Work request -> Keeping each word and mark in place, write out the full listing once more.
--- Working data Enclosed Below ---
lemma partition_on_Par: "partition_on (idx d l) (Par k d l Is pis sigmas)"
  unfolding Par_def par_rel_eq_kernel
  by (rule partition_on_quotient) (auto simp: equiv_def refl_on_def sym_def trans_def)

lemma Par_in_even_partitions_iff:
  "Par k d l Is pis sigmas \<in> even_partitions d l \<longleftrightarrow>
     (\<forall>x \<in> idx d l. even (card {y \<in> idx d l. walk_edge k l Is pis sigmas y = walk_edge k l Is pis sigmas x}))"
  using partition_on_Par[of d l k Is pis sigmas] unfolding even_partitions_def Par_eq_fibres by auto

lemma finite_even_partitions: "finite (even_partitions d l)"
proof (rule finite_subset)
  show "even_partitions d l \<subseteq> Pow (Pow (idx d l))"
    by (auto simp: even_partitions_def partition_on_def)
qed (simp add: finite_idx)

section \<open>Moments of the random constraint tensor\<close>

lemma pmf_entry_pmf:
  assumes "0 \<le> p" "p \<le> 1"
  shows "pmf (entry_pmf p) 1 = p / 2" "pmf (entry_pmf p) (-1) = p / 2" "pmf (entry_pmf p) 0 = 1 - p"
proof -
  have "{x. x} = {True}" "{x. \<not> x} = {False}" by auto
  then show "pmf (entry_pmf p) 1 = p / 2" "pmf (entry_pmf p) (-1) = p / 2" "pmf (entry_pmf p) 0 = 1 - p"
    using assms by (simp_all add: entry_pmf_def pmf_bind pmf_map vimage_def measure_pmf_single)
qed

lemma set_entry_pmf_subset: "set_pmf (entry_pmf p) \<subseteq> {-1, 0, 1}"
  by (auto simp: entry_pmf_def split: if_splits)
--- End of Enclosed Working data ---
Completed task ->
lemma partition_on_Par: "partition_on (idx d l) (Par k d l Is pis sigmas)"
  unfolding Par_def par_rel_eq_kernel
  by (rule partition_on_quotient) (auto simp: equiv_def refl_on_def sym_def trans_def)

lemma Par_in_even_partitions_iff:
  "Par k d l Is pis sigmas \<in> even_partitions d l \<longleftrightarrow>
     (\<forall>x \<in> idx d l. even (card {y \<in> idx d l. walk_edge k l Is pis sigmas y = walk_edge k l Is pis sigmas x}))"
  using partition_on_Par[of d l k Is pis sigmas] unfolding even_partitions_def Par_eq_fibres by auto

lemma finite_even_partitions: "finite (even_partitions d l)"
proof (rule finite_subset)
  show "even_partitions d l \<subseteq> Pow (Pow (idx d l))"
    by (auto simp: even_partitions_def partition_on_def)
qed (simp add: finite_idx)

section \<open>Moments of the random constraint tensor\<close>

lemma pmf_entry_pmf:
  assumes "0 \<le> p" "p \<le> 1"
  shows "pmf (entry_pmf p) 1 = p / 2" "pmf (entry_pmf p) (-1) = p / 2" "pmf (entry_pmf p) 0 = 1 - p"
proof -
  have "{x. x} = {True}" "{x. \<not> x} = {False}" by auto
  then show "pmf (entry_pmf p) 1 = p / 2" "pmf (entry_pmf p) (-1) = p / 2" "pmf (entry_pmf p) 0 = 1 - p"
    using assms by (simp_all add: entry_pmf_def pmf_bind pmf_map vimage_def measure_pmf_single)
qed

lemma set_entry_pmf_subset: "set_pmf (entry_pmf p) \<subseteq> {-1, 0, 1}"
  by (auto simp: entry_pmf_def split: if_splits)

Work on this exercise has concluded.